[Saved entries]

□ □ □ □

definition wadj :: "nat \<Rightarrow> 'e set \<Rightarrow> ('e \<Rightarrow> nat set) \<Rightarrow> ('e \<Rightarrow> real) \<Rightarrow> real mat" where
  "wadj n E ends w = mat n n (\<lambda>(i, j). \<Sum>e\<in>{e\<in>E. ends e = {i, j}}. w e)"

definition rho :: "real mat \<Rightarrow> real" where
  "rho A = spectral_radius (map_mat complex_of_real A)"

definition perron_vec :: "real mat \<Rightarrow> real vec" where
  "perron_vec A = (THE p. p \<in> carrier_vec (dim_row A) \<and> (\<forall>i<dim_row A. p $ i > 0) \<and>
      A *\<^sub>v p = rho A \<cdot>\<^sub>v p \<and> (\<Sum>i<dim_row A. p $ i) = 1)"

definition minv :: "real mat \<Rightarrow> real mat" where
  "minv M = the (mat_inverse M)"

definition theta :: "nat \<Rightarrow> real \<Rightarrow> real" where
  "theta n \<alpha> = (if \<alpha> = 1 then ln (exp 1 + 1)
     else ln (exp 1 + \<alpha> powr (2 / real n)) * (\<alpha> - 1) / ln \<alpha>)"

definition resolvent :: "real mat \<Rightarrow> real \<Rightarrow> real mat" where
  "resolvent A \<alpha> = (let t = 1 / (rho A + 1 / \<alpha>) in minv (1\<^sub>m (dim_row A) - t \<cdot>\<^sub>m A))"

definition dW :: "real mat \<Rightarrow> real \<Rightarrow> nat \<Rightarrow> nat \<Rightarrow> real" where
  "dW A \<alpha> i j = (let R = resolvent A \<alpha> in
     theta (dim_row A) \<alpha> * ((ln (R $$ (i, i)) + ln (R $$ (j, j))) / 2 - ln (R $$ (i, j))))"

definition diag_of_vec :: "real vec \<Rightarrow> real mat" where
  "diag_of_vec p = mat (dim_vec p) (dim_vec p) (\<lambda>(i, j). if i = j then p $ i else 0)"

text \<open>Row of the inverse of (rho I - B) with row/column j deleted, indexed by vertex i
  (i \<noteq> j; after deletion vertex i has index delete_index j i), times the all-ones vector.\<close>
definition row_inv_del_sum :: "real mat \<Rightarrow> real \<Rightarrow> nat \<Rightarrow> nat \<Rightarrow> real" where
  "row_inv_del_sum B r j i =
     (let M = minv (mat_delete (r \<cdot>\<^sub>m 1\<^sub>m (dim_row B) - B) j j)
      in \<Sum>k<dim_row B - 1. M $$ (delete_index j i, k))"

end

theory Submission
  imports Defs "HOL-Analysis.Function_Topology" "HOL-Real_Asymp.Real_Asymp"
begin

text \<open>Write \<open>s = 1/\<alpha>\<close>, so that \<open>R = (I - A/(\<rho> + s))\<^sup>-\<^sup>1\<close>, and let \<open>B = P\<^sup>-\<^sup>1 A P\<close>, whose row
  sums are all \<open>\<rho>\<close>. Let \<open>u\<^sub>j(s)\<close> solve \<open>((\<rho> + s) I - B\<^sub>j\<^sub>j) u = 1\<close> on \<open>V - {j}\<close>, extended by
  \<open>u\<^sub>j(s)\<^sub>j = 0\<close>. Then column \<open>j\<close> of \<open>R\<close> is \<open>c\<^sub>j(s) p\<^sub>i (1 - s u\<^sub>j(s)\<^sub>i)\<close>; comparing it with the
  diagonal and using \<open>R\<^sub>i\<^sub>j = R\<^sub>j\<^sub>i\<close>, all scale factors cancel from the bracket in \<open>d\<^sup>W\<close>, which becomes
  \<open>-(ln (1 - s u\<^sub>j(s)\<^sub>i) + ln (1 - s u\<^sub>i(s)\<^sub>j)) / 2 \<approx> s (u\<^sub>j(s)\<^sub>i + u\<^sub>i(s)\<^sub>j) / 2\<close>. As
  \<open>\<theta> \<sim> 2\<alpha>/n\<close>, the limit is \<open>(u\<^sub>j(0)\<^sub>i + u\<^sub>i(0)\<^sub>j) / n\<close>, and \<open>u\<^sub>j(0) = (\<rho> I - B\<^sub>j\<^sub>j)\<^sup>-\<^sup>1 1\<close>.
  Invertibility, positivity and the continuity \<open>u\<^sub>j(s) \<rightarrow> u\<^sub>j(0)\<close> all come from a minimum principle
  for \<open>(\<rho> + s) I - B\<^sub>j\<^sub>j\<close>, which holds because the graph is connected. The Perron vector of the
  symmetric matrix \<open>A\<close> is obtained by maximising its quadratic form on the unit sphere.\<close>

lemma mult_mat_vec_index_sum:
  assumes "A \<in> carrier_mat nr nc" "v \<in> carrier_vec nc" "i < nr"
  shows "(A *\<^sub>v v) $ i = (\<Sum>l<nc. A $$ (i, l) * v $ l)"
  using assms by (auto simp: scalar_prod_def atLeast0LessThan intro!: sum.cong)

lemma mult_mat_index_sum:
  assumes "X \<in> carrier_mat n m" "Y \<in> carrier_mat m q" "k < n" "l < q"
  shows "(X * Y) $$ (k, l) = (\<Sum>r<m. X $$ (k, r) * Y $$ (r, l))"
  using assms by (auto simp: scalar_prod_def atLeast0LessThan intro!: sum.cong)

lemma nonzero_vec_index:
  assumes "v \<in> carrier_vec n" and "v \<noteq> 0\<^sub>v n"
  obtains k where "k < n" and "v $ k \<noteq> 0"
  using assms by (metis carrier_vecD eq_vecI index_zero_vec)

lemma minv_if_trivial_kernel:
  fixes M :: "real mat"
  assumes M: "M \<in> carrier_mat m m"
    and ker: "\<And>v. v \<in> carrier_vec m \<Longrightarrow> M *\<^sub>v v = 0\<^sub>v m \<Longrightarrow> v = 0\<^sub>v m"
  shows "M * minv M = 1\<^sub>m m \<and> minv M * M = 1\<^sub>m m \<and> minv M \<in> carrier_mat m m"
proof -
  have "det M \<noteq> 0" using det_0_iff_vec_prod_zero_field[OF M] ker by auto
  hence "M \<in> Units (ring_mat TYPE(real) m undefined)" by (rule det_non_zero_imp_unit[OF M])
  hence "mat_inverse M \<noteq> None" using mat_inverse(1)[OF M, of undefined] by blast
  then obtain B where B: "mat_inverse M = Some B" by auto
  show ?thesis using mat_inverse(2)[OF M B] B unfolding minv_def by simp
qed

lemma minv_eq_right_inverse:
  fixes M N :: "real mat"
  assumes M: "M \<in> carrier_mat m m" and N: "N \<in> carrier_mat m m" and MN: "M * N = 1\<^sub>m m"
  shows "minv M = N"
proof -
  have NM: "N * M = 1\<^sub>m m" by (rule mat_mult_left_right_inverse[OF M N MN])
  have "M * minv M = 1\<^sub>m m \<and> minv M * M = 1\<^sub>m m \<and> minv M \<in> carrier_mat m m"
  proof (rule minv_if_trivial_kernel[OF M])
    fix v :: "real Matrix.vec" assume v: "v \<in> carrier_vec m" and Mv: "M *\<^sub>v v = 0\<^sub>v m"
    have "v = (N * M) *\<^sub>v v" using NM v by simp
    also have "\<dots> = N *\<^sub>v (M *\<^sub>v v)" by (rule assoc_mult_mat_vec[OF N M v])
    finally show "v = 0\<^sub>v m" unfolding Mv using N by (auto intro!: eq_vecI simp: scalar_prod_def)
  qed
  hence inv: "minv M * M = 1\<^sub>m m" "minv M \<in> carrier_mat m m" by auto
  have "minv M = minv M * (M * N)" using inv(2) by (simp add: MN)
  also have "\<dots> = (minv M * M) * N" using inv(2) M N by (simp add: assoc_mult_mat)
  also have "\<dots> = N" using inv(1) N by simp
  finally show ?thesis .
qed

lemma minv_symmetric:
  fixes M :: "real mat"
  assumes M: "M \<in> carrier_mat m m" and sym: "transpose_mat M = M"
    and inv: "M * minv M = 1\<^sub>m m" "minv M \<in> carrier_mat m m"
  shows "transpose_mat (minv M) = minv M"
proof -
  have Mt: "transpose_mat (minv M) \<in> carrier_mat m m" using inv(2) by simp
  have "transpose_mat (minv M) * M = 1\<^sub>m m"
    using transpose_mult[OF M inv(2)] sym inv(1) by simp
  hence "M * transpose_mat (minv M) = 1\<^sub>m m" by (rule mat_mult_left_right_inverse[OF Mt M])
  thus ?thesis using minv_eq_right_inverse[OF M Mt] by simp
qed

lemma insert_index_less: "j < n \<Longrightarrow> x < n - 1 \<Longrightarrow> insert_index j x < n"
  unfolding insert_index_def by auto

□ □ □ □

• TASK INSTRUCTIONS
Given the records above, return exactly the lines starting at the line containing "N = 1\<^sub>m" and ending at the line containing "mat_mult_left_right_inverse[OF M N MN])", including both.

• YOUR SOLUTION
  assumes M: "M \<in> carrier_mat m m" and N: "N \<in> carrier_mat m m" and MN: "M * N = 1\<^sub>m m"
  shows "minv M = N"
proof -
  have NM: "N * M = 1\<^sub>m m" by (rule mat_mult_left_right_inverse[OF M N MN])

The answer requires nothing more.